The project, which is part of the National Cancer Institute's Innovative Molecular Analysis Technologies program, will build on previous work by Brock's team, examining the role of intratumor heterogeneity in treatment.

The National Cancer Institute (NCI) has awarded Amy Brock, an assistant professor in the Department of Biomedical Engineering, and her team with a three-year grant to develop a novel cell barcoding platform for the monitoring and isolation of specific cell lineages within large, highly heterogeneous populations.

This project will build on previous work by Brock’s team, examining the role of intratumor heterogeneity in treatment. Tumors consist of 100 million to 1 trillion cells that vary at the genetic and epigenetic (gene expression) level. Individual cells respond differently to drug treatments. It is crucial to understand how these heterogeneous populations change over time, to better match treatments to patient tumors and to understand and avoid the emergence of chemotherapy-resistant cell populations.

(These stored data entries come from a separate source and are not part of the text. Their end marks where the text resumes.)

(* Let $\mathbb A=(A_n)_{n\in\mathbb N}$ be a sequence of invertible linear operators on $\mathbb R^d$ and $\mathcal S=\{\|\cdot\|_n;\ n\in\mathbb N\}$ a sequence of norms on $\mathbb R^d$ such that there exist $K,a>0$ with $\|\mathcal A(m,n)x\|_m\le K(m/n)^a\|x\|_n$ and $\|\mathcal A(n,m)x\|_n\le K(m/n)^a\|x\|_m$ for all $m\ge n$ and $x$. Let $\mathbb B=(B_n)_{n\in\mathbb Z^+}$ with $B_n=\mathcal A(2^{n+1},2^n)$ and $\tilde{\mathcal S}=\{\|\cdot\|_{2^n};\ n\in\mathbb Z^+\}$. Then for every $\tau\in\mathbb R$, $$\tau\in\Sigma_{PD,\mathbb A,\mathcal S}\iff 2^\tau\in\Sigma_{ED,\mathbb B,\tilde{\mathcal S}}.$$
   Context: $\mathbb N=\{1,2,\dots\}$, $\mathbb Z^+=\{0,1,\dots\}$. For invertible $(C_n)$, $\mathcal C(m,n)=C_{m-1}\cdots C_n$ ($m>n$), $\mathrm{Id}$ ($m=n$), $C_m^{-1}\cdots C_{n-1}^{-1}$ ($m<n$). Strong polynomial dichotomy of $(C_n)_{n\in\mathbb N}$ w.r.t. $\{\|\cdot\|_n\}$: there exist $K>0$, $a\ge\lambda>0$, projections $P_n$ with $C_nP_n=P_{n+1}C_n$ and, for $m\ge n$, $x$, $Q_m=\mathrm{Id}-P_m$: $\|\mathcal C(m,n)P_nx\|_m\le K(m/n)^{-\lambda}\|x\|_n$, $\|\mathcal C(n,m)Q_mx\|_n\le K(m/n)^{-\lambda}\|x\|_m$, $\|\mathcal C(m,n)x\|_m\le K(m/n)^a\|x\|_n$, $\|\mathcal C(n,m)x\|_n\le K(m/n)^a\|x\|_m$. Strong exponential dichotomy of $(C_n)_{n\in\mathbb Z^+}$ w.r.t. $\{|\cdot|_n\}$: same with $(m/n)^{-\lambda}$ replaced by $e^{-\lambda(m-n)}$ and $(m/n)^a$ by $e^{a(m-n)}$. $\Sigma_{PD,\mathbb A,\mathcal S}$: set of $\tau\in\mathbb R$ such that $(((n+1)/n)^{-\tau}A_n)_{n\in\mathbb N}$ does not admit a strong polynomial dichotomy w.r.t. $\mathcal S$. $\Sigma_{ED,\mathbb B,\tilde{\mathcal S}}$: set of $\tau>0$ such that $(\tau^{-1}B_n)_{n\in\mathbb Z^+}$ does not admit a strong exponential dichotomy w.r.t. $\tilde{\mathcal S}$. *)

theory Defs
  imports "HOL-Analysis.Analysis"
begin

definition is_norm :: "('a::real_vector \<Rightarrow> real) \<Rightarrow> bool" where
  "is_norm N \<longleftrightarrow> (\<forall>x. 0 \<le> N x) \<and> (\<forall>x. N x = 0 \<longleftrightarrow> x = 0)
     \<and> (\<forall>x y. N (x + y) \<le> N x + N y) \<and> (\<forall>c x. N (c *\<^sub>R x) = \<bar>c\<bar> * N x)"

fun fwd :: "(nat \<Rightarrow> 'a \<Rightarrow> 'a) \<Rightarrow> nat \<Rightarrow> nat \<Rightarrow> 'a \<Rightarrow> 'a" where
  "fwd C n 0 = id"
| "fwd C n (Suc k) = C (n + k) \<circ> fwd C n k"

definition cocycle :: "(nat \<Rightarrow> 'a \<Rightarrow> 'a) \<Rightarrow> nat \<Rightarrow> nat \<Rightarrow> 'a \<Rightarrow> 'a" where
  "cocycle C m n = (if n \<le> m then fwd C n (m - n) else inv (fwd C m (n - m)))"

definition strong_poly_dich ::
  "(nat \<Rightarrow> 'a::real_vector \<Rightarrow> 'a) \<Rightarrow> (nat \<Rightarrow> 'a \<Rightarrow> real) \<Rightarrow> bool" where
  "strong_poly_dich C N \<longleftrightarrow>
    (\<exists>K a lam P. K > 0 \<and> a \<ge> lam \<and> lam > 0 \<and>
      (\<forall>n\<ge>1. linear (P n) \<and> P n \<circ> P n = P n \<and> C n \<circ> P n = P (n + 1) \<circ> C n) \<and>
      (\<forall>m n x. 1 \<le> n \<and> n \<le> m \<longrightarrow>
         N m (cocycle C m n (P n x)) \<le> K * (real m / real n) powr (- lam) * N n x \<and>
         N n (cocycle C n m (x - P m x)) \<le> K * (real m / real n) powr (- lam) * N m x \<and>
         N m (cocycle C m n x) \<le> K * (real m / real n) powr a * N n x \<and>
         N n (cocycle C n m x) \<le> K * (real m / real n) powr a * N m x))"

definition strong_exp_dich ::
  "(nat \<Rightarrow> 'a::real_vector \<Rightarrow> 'a) \<Rightarrow> (nat \<Rightarrow> 'a \<Rightarrow> real) \<Rightarrow> bool" where
  "strong_exp_dich C N \<longleftrightarrow>
    (\<exists>K a lam P. K > 0 \<and> a \<ge> lam \<and> lam > 0 \<and>
      (\<forall>n. linear (P n) \<and> P n \<circ> P n = P n \<and> C n \<circ> P n = P (n + 1) \<circ> C n) \<and>
      (\<forall>m n x. n \<le> m \<longrightarrow>
         N m (cocycle C m n (P n x)) \<le> K * exp (- lam * (real m - real n)) * N n x \<and>
         N n (cocycle C n m (x - P m x)) \<le> K * exp (- lam * (real m - real n)) * N m x \<and>
         N m (cocycle C m n x) \<le> K * exp (a * (real m - real n)) * N n x \<and>
         N n (cocycle C n m x) \<le> K * exp (a * (real m - real n)) * N m x))"

definition Sigma_PD :: "(nat \<Rightarrow> 'a::real_vector \<Rightarrow> 'a) \<Rightarrow> (nat \<Rightarrow> 'a \<Rightarrow> real) \<Rightarrow> real set" where
  "Sigma_PD A N = {\<tau>. \<not> strong_poly_dich
      (\<lambda>n x. ((real n + 1) / real n) powr (- \<tau>) *\<^sub>R A n x) N}"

Current approaches use DNA barcodes, unique random sequence tags, as heritable markers within cell populations. These tags can be quantified by next-generation DNA sequencing to track the dynamics of cell lineages. However, this approach is limited in that specific lineages of interest cannot be identified and isolated from the bulk population for downstream analyses.

The Brock Lab is developing a synthetic biology platform to control gene expression in individual lineages of interest. Activation of a lineage-specific reporter enables purification of one or more selected lineages (for example, a subpopulation with high resistance to a first-line chemotherapeutic) for further study. The NCI funds will allow the Brock team to further test and refine this platform in normal and cancerous cells under various evolutionary pressures and chemotherapeutic treatments.

The project will be part of the Innovative Molecular Analysis Technologies (IMAT) program at the NCI. The IMAT initiative identifies and supports the development of entirely novel next-generation technologies with the potential to transform cancer research and treatment.